(* c 0 and d 0 are not constrained by the hypotheses, so they are excluded from the series. *)
abbreviation "\<alpha> \<equiv> Abs_fps a"
abbreviation "\<beta> \<equiv> Abs_fps b"
abbreviation "\<gamma> \<equiv> Abs_fps (zero_head c)"
abbreviation "\<delta> \<equiv> Abs_fps (zero_head d)"

lemma first_order_expansion_Rbar_scaled:
  assumes "i \<ge> 1"
  shows "first_order_expansion (Rbar_scaled i) (interleave a c i) (interleave b d i)"
proof (cases "odd i")
  case True
  then obtain m where i: "i = 2 * m + 1"
    by (metis oddE)
  have "m + 3 = (m + 1) + 2"
    by simp
  then have "first_order_expansion (\<lambda>e. Rbar (2 * m + 1) e / e ^ (m + 1)) (a m) (b m)"
    using odd_exp[of m] by (intro first_order_expansion_of_bigo) (simp only:)
  then show ?thesis
    by (simp add: i Rbar_scaled_def[abs_def])
next
  case False
  then obtain n where i: "i = 2 * n"
    by (metis evenE)
  with assms have "n \<ge> 1"
    by simp
  have "n + 3 = (n + 1) + 2"
    by simp
  then have "first_order_expansion (\<lambda>e. Rbar (2 * n) e / e ^ (n + 1)) (c n) (d n)"
    using even_exp[OF \<open>n \<ge> 1\<close>] by (intro first_order_expansion_of_bigo) (simp only:)
  then show ?thesis
    by (simp add: i Rbar_scaled_def[abs_def])
qed

lemma initial_coefficients: "a 0 = 1" "b 0 = 0"
proof -
  have "eventually (\<lambda>e. 1 = Rbar_scaled 1 e) (at 0)"
    using eventually_nonzero_at_0 by eventually_elim (simp add: Rbar_scaled_def)
  then have "first_order_expansion (Rbar_scaled 1) 1 0"
    by (rule first_order_expansion_cong[OF first_order_expansion_const])
  with first_order_expansion_Rbar_scaled[of 1] show "a 0 = 1" "b 0 = 0"
    using first_order_expansion_unique by (force simp: interleave_def)+
qed

lemma odd_coefficient_relations:
  assumes "m \<ge> 1"
  shows "real m * a m = 3 * (\<alpha> * \<gamma>) $ m"
    and "2 * real m * b m = 6 * ((\<alpha> * \<delta>) $ m + (\<beta> * \<gamma>) $ m) - 6 * real m * (\<alpha> * \<gamma>) $ m - (\<alpha> * \<gamma>) $ m"
proof -
  let ?A = "interleave a c" and ?B = "interleave b d" and ?k = "2 * m + 1"
  let ?S\<^sub>0 = "\<Sum>j\<in>{1..2*m}. ?A j * ?A (?k - j)"
  let ?S\<^sub>1 = "\<Sum>j\<in>{1..2*m}. ?A j * ?B (?k - j) + ?B j * ?A (?k - j)"
  have "first_order_expansion (\<lambda>e. Rbar_scaled ?k e * - ((1 + e) * (\<Sum>i<2*m. (1 + e) ^ i)))
      (a m * (- 2 * real m)) (a m * (- real m * (2 * real m + 1)) + b m * (- 2 * real m))"
    using first_order_expansion_mult[OF first_order_expansion_Rbar_scaled[of ?k] first_order_expansion_Rbar_denom_odd_quotient[of m]]
    by simp
  then have lhs: "first_order_expansion (\<lambda>e. -(3 + e) * (\<Sum>j\<in>{1..2*m}. Rbar_scaled j e * Rbar_scaled (?k - j) e))
      (a m * (- 2 * real m)) (a m * (- real m * (2 * real m + 1)) + b m * (- 2 * real m))"
    using Rbar_scaled_recurrence_odd[OF assms] by (rule first_order_expansion_cong)
  have "first_order_expansion (\<lambda>e. \<Sum>j\<in>{1..2*m}. Rbar_scaled j e * Rbar_scaled (?k - j) e) ?S\<^sub>0 ?S\<^sub>1"
    by (intro first_order_expansion_sum first_order_expansion_mult first_order_expansion_Rbar_scaled) auto
  from first_order_expansion_mult[OF first_order_expansion_affine[of "-3" "-1"] this]
  have rhs: "first_order_expansion (\<lambda>e. -(3 + e) * (\<Sum>j\<in>{1..2*m}. Rbar_scaled j e * Rbar_scaled (?k - j) e))
      (-3 * ?S\<^sub>0) (-3 * ?S\<^sub>1 + -1 * ?S\<^sub>0)"
    by simp
  have "?S\<^sub>0 = 2 * (\<alpha> * \<gamma>) $ m"
    unfolding sum_interleave_odd by (simp add: mult.commute)
  moreover have "?S\<^sub>1 = 2 * ((\<alpha> * \<delta>) $ m + (\<beta> * \<gamma>) $ m)"
    unfolding sum.distrib sum_interleave_odd by (simp add: mult.commute)
  ultimately have lead: "real m * a m = 3 * (\<alpha> * \<gamma>) $ m"
    and second: "real m * (2 * real m + 1) * a m + 2 * real m * b m
      = 6 * ((\<alpha> * \<delta>) $ m + (\<beta> * \<gamma>) $ m) + 2 * (\<alpha> * \<gamma>) $ m"
    using first_order_expansion_unique[OF lhs rhs] by (simp_all add: algebra_simps)
  show "real m * a m = 3 * (\<alpha> * \<gamma>) $ m"
    by (fact lead)
  have "real m * (2 * real m + 1) * a m = (2 * real m + 1) * (3 * (\<alpha> * \<gamma>) $ m)"
    by (simp flip: lead)
  with second show "2 * real m * b m = 6 * ((\<alpha> * \<delta>) $ m + (\<beta> * \<gamma>) $ m) - 6 * real m * (\<alpha> * \<gamma>) $ m - (\<alpha> * \<gamma>) $ m"
    by (simp add: algebra_simps)
qed

lemma even_coefficient_relations:
  assumes "n \<ge> 1"
  shows "2 * c n = -3 * (\<alpha> * \<alpha>) $ (n - 1)"
    and "(2 * real n + 1) * c n + 2 * d n = -6 * (\<alpha> * \<beta>) $ (n - 1) - 3 * (\<gamma> * \<gamma>) $ n - (\<alpha> * \<alpha>) $ (n - 1)"
proof -
  let ?A = "interleave a c" and ?B = "interleave b d" and ?k = "2 * n"
  let ?S\<^sub>0 = "\<Sum>j\<in>{1..2*n-1}. if odd j then ?A j * ?A (?k - j) else 0"
  let ?S\<^sub>1 = "\<Sum>j\<in>{1..2*n-1}. if odd j then ?A j * ?B (?k - j) + ?B j * ?A (?k - j) else ?A j * ?A (?k - j)"
  have "first_order_expansion (\<lambda>e. Rbar_scaled ?k e * Rbar_denom ?k e) (c n * 2) (c n * (2 * real n + 1) + d n * 2)"
    using first_order_expansion_mult[OF first_order_expansion_Rbar_scaled[of ?k] first_order_expansion_Rbar_denom_even[of n]] assms
    by simp
  then have lhs: "first_order_expansion
      (\<lambda>e. -(3 + e) * (\<Sum>j\<in>{1..2*n-1}. (if odd j then 1 else e) * (Rbar_scaled j e * Rbar_scaled (?k - j) e)))
      (c n * 2) (c n * (2 * real n + 1) + d n * 2)"
    using Rbar_scaled_recurrence_even[OF assms] by (rule first_order_expansion_cong)
  have weighted: "first_order_expansion (\<lambda>e. (if odd j then 1 else e) * f e)
      (if odd j then p else 0) (if odd j then q else p)" if "first_order_expansion f p q" for j f p q
    using that first_order_expansion_times_ident[OF that] by simp
  have "first_order_expansion
      (\<lambda>e. \<Sum>j\<in>{1..2*n-1}. (if odd j then 1 else e) * (Rbar_scaled j e * Rbar_scaled (?k - j) e)) ?S\<^sub>0 ?S\<^sub>1"
    by (intro first_order_expansion_sum weighted first_order_expansion_mult first_order_expansion_Rbar_scaled) auto
  from first_order_expansion_mult[OF first_order_expansion_affine[of "-3" "-1"] this]
  have rhs: "first_order_expansion
      (\<lambda>e. -(3 + e) * (\<Sum>j\<in>{1..2*n-1}. (if odd j then 1 else e) * (Rbar_scaled j e * Rbar_scaled (?k - j) e)))
      (-3 * ?S\<^sub>0) (-3 * ?S\<^sub>1 + -1 * ?S\<^sub>0)"
    by simp
  have "?S\<^sub>0 = (\<alpha> * \<alpha>) $ (n - 1)"
    using sum_interleave_even(1)[OF assms] .
  moreover have "?S\<^sub>1 = (\<alpha> * \<beta>) $ (n - 1) + (\<beta> * \<alpha>) $ (n - 1) + (\<gamma> * \<gamma>) $ n"
  proof -
    have "?S\<^sub>1 = (\<Sum>j\<in>{1..2*n-1}. if odd j then ?A j * ?B (?k - j) else 0)
        + (\<Sum>j\<in>{1..2*n-1}. if odd j then ?B j * ?A (?k - j) else 0)
        + (\<Sum>j\<in>{1..2*n-1}. if odd j then 0 else ?A j * ?A (?k - j))"
      unfolding sum.distrib[symmetric] by (intro sum.cong) auto
    then show ?thesis
      unfolding sum_interleave_even[OF assms] .
  qed
  ultimately show "2 * c n = -3 * (\<alpha> * \<alpha>) $ (n - 1)"
    and "(2 * real n + 1) * c n + 2 * d n = -6 * (\<alpha> * \<beta>) $ (n - 1) - 3 * (\<gamma> * \<gamma>) $ n - (\<alpha> * \<alpha>) $ (n - 1)"
    using first_order_expansion_unique[OF lhs rhs] by (simp_all add: mult.commute[of \<beta>] algebra_simps)
qed

lemma generating_function_ode_system:
  shows "fps_X * fps_deriv \<alpha> = 3 * \<alpha> * \<gamma>"
    and "2 * fps_X * fps_deriv \<beta> = 6 * (\<alpha> * \<delta> + \<beta> * \<gamma>) - 6 * fps_X * fps_deriv (\<alpha> * \<gamma>) - \<alpha> * \<gamma>"
    and "2 * \<gamma> = -3 * fps_X * \<alpha>\<^sup>2"
    and "2 * \<delta> = -6 * fps_X * \<alpha> * \<beta> - 3 * \<gamma>\<^sup>2 - fps_X * \<alpha>\<^sup>2 - 2 * fps_X * fps_deriv \<gamma> - \<gamma>"
proof -
  have X_deriv_nth: "(fps_X * fps_deriv f) $ n = of_nat n * f $ n" for f :: "real fps" and n
    by (cases n) simp_all
  note nth_simps = X_deriv_nth fps_X_mult_nth fps_numeral_fps_const power2_eq_square mult.assoc zero_head_def
  show "fps_X * fps_deriv \<alpha> = 3 * \<alpha> * \<gamma>"
  proof (rule fps_ext)
    fix n
    show "(fps_X * fps_deriv \<alpha>) $ n = (3 * \<alpha> * \<gamma>) $ n"
      using odd_coefficient_relations(1)[of n] by (cases "n = 0") (simp add: nth_simps fps_mult_nth, simp add: nth_simps)
  qed
  show "2 * \<gamma> = -3 * fps_X * \<alpha>\<^sup>2"
  proof (rule fps_ext)
    fix n
    show "(2 * \<gamma>) $ n = (-3 * fps_X * \<alpha>\<^sup>2) $ n"
      using even_coefficient_relations(1)[of n] by (cases "n = 0") (simp_all add: nth_simps)
  qed
  show "2 * \<delta> = -6 * fps_X * \<alpha> * \<beta> - 3 * \<gamma>\<^sup>2 - fps_X * \<alpha>\<^sup>2 - 2 * fps_X * fps_deriv \<gamma> - \<gamma>"
  proof (rule fps_ext)
    fix n
    show "(2 * \<delta>) $ n = (-6 * fps_X * \<alpha> * \<beta> - 3 * \<gamma>\<^sup>2 - fps_X * \<alpha>\<^sup>2 - 2 * fps_X * fps_deriv \<gamma> - \<gamma>) $ n"
      using even_coefficient_relations(2)[of n]
      by (cases "n = 0") (simp add: nth_simps fps_mult_nth, simp add: nth_simps, simp add: algebra_simps)
  qed
  show "2 * fps_X * fps_deriv \<beta> = 6 * (\<alpha> * \<delta> + \<beta> * \<gamma>) - 6 * fps_X * fps_deriv (\<alpha> * \<gamma>) - \<alpha> * \<gamma>"
  proof (rule fps_ext)
    fix n
    show "(2 * fps_X * fps_deriv \<beta>) $ n = (6 * (\<alpha> * \<delta> + \<beta> * \<gamma>) - 6 * fps_X * fps_deriv (\<alpha> * \<gamma>) - \<alpha> * \<gamma>) $ n"
    proof (cases "n = 0")
      case False
      then show ?thesis
        using odd_coefficient_relations(2)[of n] by (simp add: nth_simps del: fps_deriv_mult)
    qed (simp add: nth_simps fps_mult_nth)
  qed
qed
********
Your answer must be a single number, the count of lines in the data that hold the string "thesis".

4